<<<<
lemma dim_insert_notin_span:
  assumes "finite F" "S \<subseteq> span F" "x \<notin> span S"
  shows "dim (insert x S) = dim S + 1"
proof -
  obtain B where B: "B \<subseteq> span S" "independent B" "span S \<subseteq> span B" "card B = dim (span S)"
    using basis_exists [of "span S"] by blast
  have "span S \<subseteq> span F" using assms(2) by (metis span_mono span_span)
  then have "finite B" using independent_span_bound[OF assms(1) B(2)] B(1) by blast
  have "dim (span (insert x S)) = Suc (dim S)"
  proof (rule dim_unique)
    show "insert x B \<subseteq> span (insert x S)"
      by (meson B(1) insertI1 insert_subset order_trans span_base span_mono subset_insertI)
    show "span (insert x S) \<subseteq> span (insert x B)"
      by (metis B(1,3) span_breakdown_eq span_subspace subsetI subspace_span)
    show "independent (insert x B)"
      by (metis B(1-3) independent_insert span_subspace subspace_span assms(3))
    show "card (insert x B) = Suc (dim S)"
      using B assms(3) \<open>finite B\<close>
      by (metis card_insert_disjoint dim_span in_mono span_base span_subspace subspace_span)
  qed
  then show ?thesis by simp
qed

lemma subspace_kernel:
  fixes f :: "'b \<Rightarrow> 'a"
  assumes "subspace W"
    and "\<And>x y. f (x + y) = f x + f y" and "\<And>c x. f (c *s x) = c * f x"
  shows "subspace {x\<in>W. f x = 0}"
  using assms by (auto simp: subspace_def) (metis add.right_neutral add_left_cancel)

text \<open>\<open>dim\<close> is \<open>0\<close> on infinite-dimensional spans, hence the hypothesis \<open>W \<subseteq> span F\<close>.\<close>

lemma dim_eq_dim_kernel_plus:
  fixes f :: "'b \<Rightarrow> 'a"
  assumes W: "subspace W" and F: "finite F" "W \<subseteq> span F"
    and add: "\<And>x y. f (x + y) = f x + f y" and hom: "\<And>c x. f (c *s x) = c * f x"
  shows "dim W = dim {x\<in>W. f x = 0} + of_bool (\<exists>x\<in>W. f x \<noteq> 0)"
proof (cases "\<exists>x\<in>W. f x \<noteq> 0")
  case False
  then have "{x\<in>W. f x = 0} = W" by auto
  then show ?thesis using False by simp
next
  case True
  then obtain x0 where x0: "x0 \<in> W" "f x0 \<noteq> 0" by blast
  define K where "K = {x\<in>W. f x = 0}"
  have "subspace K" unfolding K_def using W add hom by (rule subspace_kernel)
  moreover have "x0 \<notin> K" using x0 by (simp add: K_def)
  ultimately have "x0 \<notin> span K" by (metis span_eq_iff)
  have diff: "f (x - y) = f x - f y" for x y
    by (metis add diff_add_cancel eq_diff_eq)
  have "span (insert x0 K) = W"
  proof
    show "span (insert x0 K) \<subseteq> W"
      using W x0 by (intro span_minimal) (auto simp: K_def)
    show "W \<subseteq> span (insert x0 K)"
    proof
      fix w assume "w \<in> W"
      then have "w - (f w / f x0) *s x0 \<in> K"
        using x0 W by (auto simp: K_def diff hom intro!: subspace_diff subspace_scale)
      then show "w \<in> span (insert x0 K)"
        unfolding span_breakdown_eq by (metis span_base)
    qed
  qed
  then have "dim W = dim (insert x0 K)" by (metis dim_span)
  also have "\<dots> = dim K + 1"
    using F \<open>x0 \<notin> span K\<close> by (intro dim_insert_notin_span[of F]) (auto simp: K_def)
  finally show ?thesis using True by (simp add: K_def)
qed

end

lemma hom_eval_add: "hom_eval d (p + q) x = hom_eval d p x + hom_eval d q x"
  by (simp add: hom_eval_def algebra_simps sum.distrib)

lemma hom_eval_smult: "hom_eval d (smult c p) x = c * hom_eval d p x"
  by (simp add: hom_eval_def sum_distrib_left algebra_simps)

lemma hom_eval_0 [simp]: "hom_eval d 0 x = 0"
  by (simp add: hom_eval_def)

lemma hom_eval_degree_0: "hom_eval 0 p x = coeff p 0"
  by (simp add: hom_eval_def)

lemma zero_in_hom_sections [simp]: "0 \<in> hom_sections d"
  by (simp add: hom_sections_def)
>>>>
Exercise:
Every single entry is to be retyped exactly.

Exercise solution:
lemma dim_insert_notin_span:
  assumes "finite F" "S \<subseteq> span F" "x \<notin> span S"
  shows "dim (insert x S) = dim S + 1"
proof -
  obtain B where B: "B \<subseteq> span S" "independent B" "span S \<subseteq> span B" "card B = dim (span S)"
    using basis_exists [of "span S"] by blast
  have "span S \<subseteq> span F" using assms(2) by (metis span_mono span_span)
  then have "finite B" using independent_span_bound[OF assms(1) B(2)] B(1) by blast
  have "dim (span (insert x S)) = Suc (dim S)"
  proof (rule dim_unique)
    show "insert x B \<subseteq> span (insert x S)"
      by (meson B(1) insertI1 insert_subset order_trans span_base span_mono subset_insertI)
    show "span (insert x S) \<subseteq> span (insert x B)"
      by (metis B(1,3) span_breakdown_eq span_subspace subsetI subspace_span)
    show "independent (insert x B)"
      by (metis B(1-3) independent_insert span_subspace subspace_span assms(3))
    show "card (insert x B) = Suc (dim S)"
      using B assms(3) \<open>finite B\<close>
      by (metis card_insert_disjoint dim_span in_mono span_base span_subspace subspace_span)
  qed
  then show ?thesis by simp
qed

lemma subspace_kernel:
  fixes f :: "'b \<Rightarrow> 'a"
  assumes "subspace W"
    and "\<And>x y. f (x + y) = f x + f y" and "\<And>c x. f (c *s x) = c * f x"
  shows "subspace {x\<in>W. f x = 0}"
  using assms by (auto simp: subspace_def) (metis add.right_neutral add_left_cancel)

text \<open>\<open>dim\<close> is \<open>0\<close> on infinite-dimensional spans, hence the hypothesis \<open>W \<subseteq> span F\<close>.\<close>

lemma dim_eq_dim_kernel_plus:
  fixes f :: "'b \<Rightarrow> 'a"
  assumes W: "subspace W" and F: "finite F" "W \<subseteq> span F"
    and add: "\<And>x y. f (x + y) = f x + f y" and hom: "\<And>c x. f (c *s x) = c * f x"
  shows "dim W = dim {x\<in>W. f x = 0} + of_bool (\<exists>x\<in>W. f x \<noteq> 0)"
proof (cases "\<exists>x\<in>W. f x \<noteq> 0")
  case False
  then have "{x\<in>W. f x = 0} = W" by auto
  then show ?thesis using False by simp
next
  case True
  then obtain x0 where x0: "x0 \<in> W" "f x0 \<noteq> 0" by blast
  define K where "K = {x\<in>W. f x = 0}"
  have "subspace K" unfolding K_def using W add hom by (rule subspace_kernel)
  moreover have "x0 \<notin> K" using x0 by (simp add: K_def)
  ultimately have "x0 \<notin> span K" by (metis span_eq_iff)
  have diff: "f (x - y) = f x - f y" for x y
    by (metis add diff_add_cancel eq_diff_eq)
  have "span (insert x0 K) = W"
  proof
    show "span (insert x0 K) \<subseteq> W"
      using W x0 by (intro span_minimal) (auto simp: K_def)
    show "W \<subseteq> span (insert x0 K)"
    proof
      fix w assume "w \<in> W"
      then have "w - (f w / f x0) *s x0 \<in> K"
        using x0 W by (auto simp: K_def diff hom intro!: subspace_diff subspace_scale)
      then show "w \<in> span (insert x0 K)"
        unfolding span_breakdown_eq by (metis span_base)
    qed
  qed
  then have "dim W = dim (insert x0 K)" by (metis dim_span)
  also have "\<dots> = dim K + 1"
    using F \<open>x0 \<notin> span K\<close> by (intro dim_insert_notin_span[of F]) (auto simp: K_def)
  finally show ?thesis using True by (simp add: K_def)
qed

end

lemma hom_eval_add: "hom_eval d (p + q) x = hom_eval d p x + hom_eval d q x"
  by (simp add: hom_eval_def algebra_simps sum.distrib)

lemma hom_eval_smult: "hom_eval d (smult c p) x = c * hom_eval d p x"
  by (simp add: hom_eval_def sum_distrib_left algebra_simps)

lemma hom_eval_0 [simp]: "hom_eval d 0 x = 0"
  by (simp add: hom_eval_def)

lemma hom_eval_degree_0: "hom_eval 0 p x = coeff p 0"
  by (simp add: hom_eval_def)

lemma zero_in_hom_sections [simp]: "0 \<in> hom_sections d"
  by (simp add: hom_sections_def)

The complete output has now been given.